To make sense of this, I want to turn to the scenes where Flynn’s limited characterization helps dramatize Walt’s catastrophic downfall, the series’ principal narrative interest. So far, I have been talking about Flynn’s broader narrative function: how his limited presence exposes the flimsy relationship at the center of Walt’s family-man alibi, and how his ambiguity makes the audience complicit in that abstraction. Now, I want to focus on the second function: how Walt uses Flynn as a blank canvas for his idealized conception of fatherhood. Across the series, their scenes together repeatedly turn Flynn into a test of Walt’s self-image.
Flynn’s underwrittenness serves three overlapping roles in Walt’s fantasy of fatherhood: proof of lineage, captive audience to masculine performance, and dependent child who justifies the provider fantasy. By the end, Flynn also breaks each of these fantasies, completing the narrative arc of the show. These scenes show that, while Walt’s relationship with Flynn is not completely devoid of love, it is fatally crowded by the story Walt so desperately needs fatherhood to tell about him.
Breaking Bad, “Over” (S2E4), Netflix, 00:17:42. Screenshot by author.
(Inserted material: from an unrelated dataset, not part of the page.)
(* Let $(X,f)$ be the CCS dialgebra and $(X,g)$ the CCS coalgebra (see context), and let $\mathsf{F}(X)=X+(X\times X)$, $\mathsf{B}=\mathcal{P}$, $\mathsf{T}(X)=\mathcal{P}(L\times X)$, $\mathsf{Id}$ the identity functor. Let $E$ be the subcategory of epimorphisms of $\mathit{Dialg}(\mathsf{F},\mathsf{B})$ and $E'$ that of $\mathit{Dialg}(\mathsf{Id},\mathsf{T})$. Let $\mathcal{R}_{(X,f)}=(X,f)/E$ (the whole coslice), and let $\mathcal{R}_{(X,g)}$ be the full subcategory of $(X,g)/E'$ whose objects are those epimorphisms $h$ out of $(X,g)$ such that for all processes $x,x',y,y'$, $h(x)=h(x')$ and $h(y)=h(y')$ imply $h(x\parallel y)=h(x'\parallel y')$. Then: (1) $\mathcal{R}_{(X,g)}$ satisfies conditions (1) and (2) required of $\mathcal{R}$ in the context; (2) $\mathit{id}_{\mathsf{F}X}$ is an invariant for $(X,g)$ and $\mathcal{R}_{(X,g)}$ from $\overline{\mathsf{F}}$ to $\mathsf{F}\circ\overline{\mathsf{Id}}=\overline{\mathsf{F}}$; (3) $\delta$ is an invariant for $(X,g)$ and $\mathcal{R}_{(X,g)}$ from $\mathsf{F}\circ\overline{\mathsf{T}}$ to $\overline{\mathsf{B}}$; (4) $\lambda$ is an invariant for $(X,f)$ and $\mathcal{R}_{(X,f)}$ from $\overline{\mathsf{Id}}$ to $\mathsf{T}\circ\overline{\mathsf{F}}$; (5) $\mu$ is an invariant for $(X,f)$ and $\mathcal{R}_{(X,f)}$ from $\mathsf{T}\circ\overline{\mathsf{B}}$ to $\overline{\mathsf{T}}$.
   Context: General notions. For functors $\mathsf{F},\mathsf{B}:\mathbf{Set}\to\mathbf{Set}$, an $(\mathsf{F},\mathsf{B})$-dialgebra is a pair $(X,f)$ with $f:\mathsf{F}X\to\mathsf{B}X$; a homomorphism $h:(X,f)\to(Y,g)$ is a function with $g\circ\mathsf{F}h=\mathsf{B}h\circ f$. A $\mathsf{T}$-coalgebra is an $(\mathsf{Id},\mathsf{T})$-dialgebra. For a dialgebra $(X,f)$ and a subcategory $E$ of epimorphisms of its category, $(X,f)/E$ is the coslice: objects are epimorphisms $h:(X,f)\to(Y,g)$, arrows $h\to h'$ are epimorphisms $k$ with $k\circ h=h'$. A category $\mathcal{R}_{(X,f)}$ is required to be a full subcategory of $(X,f)/E$ with (1) for every object $h$ of $(X,f)/E$ an object $h'$ of $\mathcal{R}_{(X,f)}$ and an arrow $h\to h'$, and (2) $\mathit{id}_{(X,f)}$ an object. For an object $h$, $\hat h:\mathit{id}\to h$ is the arrow given by $h$. For $\mathsf{H}:\mathbf{Set}\to\mathbf{Set}$, the lifting $\overline{\mathsf{H}}:\mathcal{R}_{(X,f)}\to\mathbf{Set}$ is $\overline{\mathsf{H}}(h:(X,f)\to(Y,g))=\mathsf{H}Y$, $\overline{\mathsf{H}}(k)=\mathsf{H}k$; a composite like $\mathsf{T}\circ\overline{\mathsf{F}}$ sends $h$ to $\mathsf{T}\mathsf{F}Y$. For functors $\Phi,\Psi:\mathcal{R}_{(X,f)}\to\mathbf{Set}$, a function $k:\Phi(\mathit{id})\to\Psi(\mathit{id})$ is an invariant from $\Phi$ to $\Psi$ iff for all $x_1,x_2\in\Phi(\mathit{id})$ and every object $h$, $\Phi\hat h(x_1)=\Phi\hat h(x_2)$ implies $\Psi\hat h(k(x_1))=\Psi\hat h(k(x_2))$. Functors: $\mathsf{F}(X)=X+(X\times X)$, $\mathsf{F}h(x)=h(x)$, $\mathsf{F}h(x,y)=(h(x),h(y))$ (elements written without coproduct tags); $\mathsf{B}(X)=\mathcal{P}(X)$, $\mathsf{B}h(S)=h[S]$; $\mathsf{T}(X)=\mathcal{P}(L\times X)$, $\mathsf{T}h(S)=\{(l,h(x))\mid(l,x)\in S\}$. CCS. Let $\mathcal{C}$ be a countable set of channels. Prefixes: $\alpha::=\tau\mid a\mid\bar a$ ($a\in\mathcal{C}$); $L$ is the set of prefixes. Processes: $P::=\sum_{i\in I}\alpha_i.P_i\mid P_1\parallel P_2\mid(\nu a)P$ with $I$ finite, sums taken up to reordering of summands; $\mathbf{0}$ is the empty sum, $\alpha.P$ a one-summand sum, and $\alpha.P+Q$ denotes a sum having $\alpha.P$ as a summand. $X$ is the set of processes. Free names: $\mathit{fn}(\tau)=\emptyset$, $\mathit{fn}(a)=\mathit{fn}(\bar a)=\{a\}$, $\mathit{fn}(\sum\alpha_i.P_i)=\bigcup_i(\mathit{fn}(\alpha_i)\cup\mathit{fn}(P_i))$, $\mathit{fn}(P\parallel Q)=\mathit{fn}(P)\cup\mathit{fn}(Q)$, $\mathit{fn}((\nu a)P)=\mathit{fn}(P)\setminus\{a\}$. Structural congruence $\equiv$ is the least congruence containing $\alpha$-conversion of $a$ in $(\nu a)P$, the commutative monoid laws for $\parallel$ with unit $\mathbf{0}$, and $(\nu a)(P\parallel Q)\equiv((\nu a)P)\parallel Q$ if $a\notin\mathit{fn}(Q)$, $(\nu a)\mathbf{0}\equiv\mathbf{0}$, $(\nu a)(\nu b)P\equiv(\nu b)(\nu a)P$. The CCS LTS is the least relation $P\xrightarrow{\alpha}P'$ closed under: (pre) $\alpha.P+Q\xrightarrow{\alpha}P$; (res) if $a\notin\mathit{fn}(\alpha)$ and $P\xrightarrow{\alpha}P'$ then $(\nu a)P\xrightarrow{\alpha}(\nu a)P'$; (par) if $P\xrightarrow{\alpha}P'$ then $P\parallel Q\xrightarrow{\alpha}P'\parallel Q$; (syn) if $P\xrightarrow{\bar c}P'$ and $Q\xrightarrow{c}Q'$ then $P\parallel Q\xrightarrow{\tau}P'\parallel Q'$; (str) if $P\equiv Q$, $P'\equiv Q'$ and $P\xrightarrow{\alpha}P'$ then $Q\xrightarrow{\alpha}Q'$. The CCS coalgebra is $(X,g)$ with $g(x)=\{(\alpha,y)\mid x\xrightarrow{\alpha}y\}$. The CCS dialgebra is the $(\mathsf{F},\mathsf{B})$-dialgebra $(X,f)$ where $f$ is the least function (writing $P\to R$ for $R\in f(P)$ and $(P,Q)\to R$ for $R\in f(P,Q)$) closed under: (tau) $\tau.P+Q\to P$; (res) $P\to P'$ implies $(\nu a)P\to(\nu a)P'$; (par$_1$) $P\to P'$ implies $P\parallel Q\to P'\parallel Q$; (int) $(P,Q)\to R$ implies $P\parallel Q\to R$; (hid) $(P,Q)\to R$ and $a\notin\mathit{fn}(Q)$ imply $((\nu a)P,Q)\to(\nu a)R$; (par$_2$) $(P,Q)\to R$ implies $(P\parallel S,Q)\to S\parallel R$; (syn) $(\bar a.P+S,a.Q+T)\to P\parallel Q$; (sym) $(P,Q)\to R$ implies $(Q,P)\to R$; (str$_1$) $P\to R$, $P\equiv Q$, $R\equiv S$ imply $Q\to S$; (str$_2$) $(P,Q)\to R$, $P\equiv S$, $Q\equiv T$, $R\equiv U$ imply $(S,T)\to U$. The maps: $\delta:\mathsf{F}\mathsf{T}X\to\mathsf{B}X$ with $\delta(p)=\{x\mid(\tau,x)\in p\}$ for $p\in\mathsf{T}X$ and $\delta(p_1,p_2)=\{x\parallel y\mid\exists a\in\mathcal{C}.\,((a,x)\in p_1\wedge(\bar a,y)\in p_2)\vee((\bar a,x)\in p_1\wedge(a,y)\in p_2)\}$; $\lambda:X\to\mathsf{T}\mathsf{F}X$ with $\lambda(x)=\{(\tau,x)\}\cup\{(a,(x,\bar a.\mathbf{0}))\mid a\in\mathcal{C}\}\cup\{(\bar a,(x,a.\mathbf{0}))\mid a\in\mathcal{C}\}$; $\mu:\mathsf{T}\mathsf{B}X\to\mathsf{T}X$ with $\mu(q)=\{(l,x)\mid\exists q'.\,(l,q')\in q\wedge x\in q'\}$. *)

theory Defs
  imports Main "HOL-Library.Multiset" "HOL-Library.Countable"
begin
Fatherhood as Proof of Lineage
The first and most obvious projection is right there in the name: Walter Jr–Disgustingly on the nose and straight to the point. It became painfully obvious in Breaking Bad that Walt struggles with treating Flynn as something beyond an extension of himself. The little screen-time RJ Mitte is dedicated to shaking this flawed projection.
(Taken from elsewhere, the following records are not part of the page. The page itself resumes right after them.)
(* Let $G=(V,E)$ be a finite planar embedded graph, $\mathbf{p}$ a packing of $G$, $V=V^+\sqcup V^-\sqcup V^=\sqcup V^0$ a partition, and $\mathbf{p}'$ a proper infinitesimal flex of $\mathbf{p}$, with associated modified partition $V=\tilde V^+\sqcup\tilde V^-\sqcup\tilde V^=\sqcup\tilde V^0$. Suppose there exists an equilibrium stress $\omega$ on $(G,\mathbf{p})$ whose radial force sum $\omega_i=\sum_{j:(i,j)\in E}\omega_{ij}(r_i+r_j)$ is $\ge 0$ for $i\in\tilde V^-$, $\le 0$ for $i\in\tilde V^+$, $=0$ for $i\in\tilde V^0$, and such that $$\sum_{(i,j)\in E}\omega_{ij}\big[(\mathbf{p}_i'-\mathbf{p}_j')\cdot(\mathbf{p}_i'-\mathbf{p}_j')-(r_i'+r_j')^2\big]>0.$$ Then $\mathbf{p}'$ is not extendable.
   Context: A packing of $G=(V,E)$, $V=\{1,\dots,n\}$, is $\mathbf{p}=(x_1,y_1,r_1,\dots,x_n,y_n,r_n)\in\mathbb{R}^{3n}$, all $r_i>0$, with $(r_i+r_j)^2=(x_i-x_j)^2+(y_i-y_j)^2$ for all $(i,j)\in E$ and the neighbors of each vertex in the same counterclockwise order as in the embedding; $\mathbf{p}_i=(x_i,y_i)$. The partition: $V^+$ (radius may increase or stay), $V^-$ (may decrease or stay), $V^=$ (fixed), $V^0$ (free). An infinitesimal flex is $\mathbf{p}'=(x_1',y_1',r_1',\dots)$ with $(\mathbf{p}_i-\mathbf{p}_j)\cdot(\mathbf{p}_i'-\mathbf{p}_j')=(r_i+r_j)(r_i'+r_j')$ for all edges; proper if $r_i'\ge 0$ on $V^+$, $\le 0$ on $V^-$, $=0$ on $V^=$. Given a proper $\mathbf{p}'$, the modified partition is obtained by moving every $i\in V^+$ with $r_i'>0$ and every $i\in V^-$ with $r_i'<0$ into $V^0$: $\tilde V^+=\{i\in V^+:r_i'=0\}$, $\tilde V^-=\{i\in V^-:r_i'=0\}$, $\tilde V^==V^=$, and $\tilde V^0$ the rest. $\mathbf{p}'$ is extendable if there is $\mathbf{p}''\in\mathbb{R}^{3n}$ with, for every $(i,j)\in E$, $(\mathbf{p}_i-\mathbf{p}_j)\cdot(\mathbf{p}_i''-\mathbf{p}_j'')-(r_i+r_j)(r_i''+r_j'')=(r_i'+r_j')^2-(\mathbf{p}_i'-\mathbf{p}_j')\cdot(\mathbf{p}_i'-\mathbf{p}_j')$, and $r_i''\ge 0$ on $\tilde V^+$, $r_i''\le0$ on $\tilde V^-$, $r_i''=0$ on $\tilde V^=$. A stress is $\omega:E\to\mathbb{R}$; it is an equilibrium stress if $\sum_{j:(i,j)\in E}\omega_{ij}(\mathbf{p}_i-\mathbf{p}_j)=0$ for every $i$. *)

theory Defs
  imports Complex_Main
begin

text \<open>Vertices are 1..n. The edge set E is a set of ordered pairs,
each undirected edge listed exactly once (in an arbitrary orientation), without loops.
A stress is a function on E (given as omega :: nat \<times> nat \<Rightarrow> real, only its values on E matter);
omega_ij = omega_ji is the value on the edge {i,j}.\<close>

definition simple_graph :: "nat \<Rightarrow> (nat \<times> nat) set \<Rightarrow> bool" where
  "simple_graph n E \<longleftrightarrow> E \<subseteq> {1..n} \<times> {1..n} \<and> (\<forall>(i,j)\<in>E. i \<noteq> j \<and> (j,i) \<notin> E)"

definition nbrs :: "(nat \<times> nat) set \<Rightarrow> nat \<Rightarrow> nat set" where
  "nbrs E i = {j. (i,j) \<in> E \<or> (j,i) \<in> E}"

definition wt :: "(nat \<times> nat) set \<Rightarrow> (nat \<times> nat \<Rightarrow> real) \<Rightarrow> nat \<Rightarrow> nat \<Rightarrow> real" where
  "wt E \<omega> i j = (if (i,j) \<in> E then \<omega> (i,j) else \<omega> (j,i))"

text \<open>Combinatorial embedding: a rotation system, rot i = cyclic counterclockwise list of neighbours of i.\<close>
definition cyc_next :: "nat list \<Rightarrow> nat \<Rightarrow> nat" where
  "cyc_next xs a = (THE b. (a,b) \<in> set (zip xs (rotate1 xs)))"

definition darts :: "(nat \<times> nat) set \<Rightarrow> (nat \<times> nat) set" where
  "darts E = {(i,j). (i,j) \<in> E \<or> (j,i) \<in> E}"

definition face_step :: "(nat \<Rightarrow> nat list) \<Rightarrow> nat \<times> nat \<Rightarrow> nat \<times> nat" where
  "face_step rot d = (snd d, cyc_next (rot (snd d)) (fst d))"

definition num_faces :: "(nat \<times> nat) set \<Rightarrow> (nat \<Rightarrow> nat list) \<Rightarrow> nat" where
  "num_faces E rot = card (darts E // {(d,e). d \<in> darts E \<and> e \<in> darts E \<and> (\<exists>k. (face_step rot ^^ k) d = e)})"

definition num_components :: "nat \<Rightarrow> (nat \<times> nat) set \<Rightarrow> nat" where
  "num_components n E = card ({1..n} // {(i,j). i \<in> {1..n} \<and> j \<in> {1..n} \<and> (i,j) \<in> (darts E)\<^sup>*})"

definition num_isolated :: "nat \<Rightarrow> (nat \<times> nat) set \<Rightarrow> nat" where
  "num_isolated n E = card {i \<in> {1..n}. nbrs E i = {}}"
In “Down,” Walt desperately tries to return to the role of “good family man” after the nonsense Tuco disappearance, already failing to notice what has changed at home—including the fact that his son has started going by a new name. Flynn’s departure from Walt’s namesake is introduced through bestie Louis, not through Flynn himself. Walt immediately turns to Skyler and says, “What’s wrong with Walter Jr.?”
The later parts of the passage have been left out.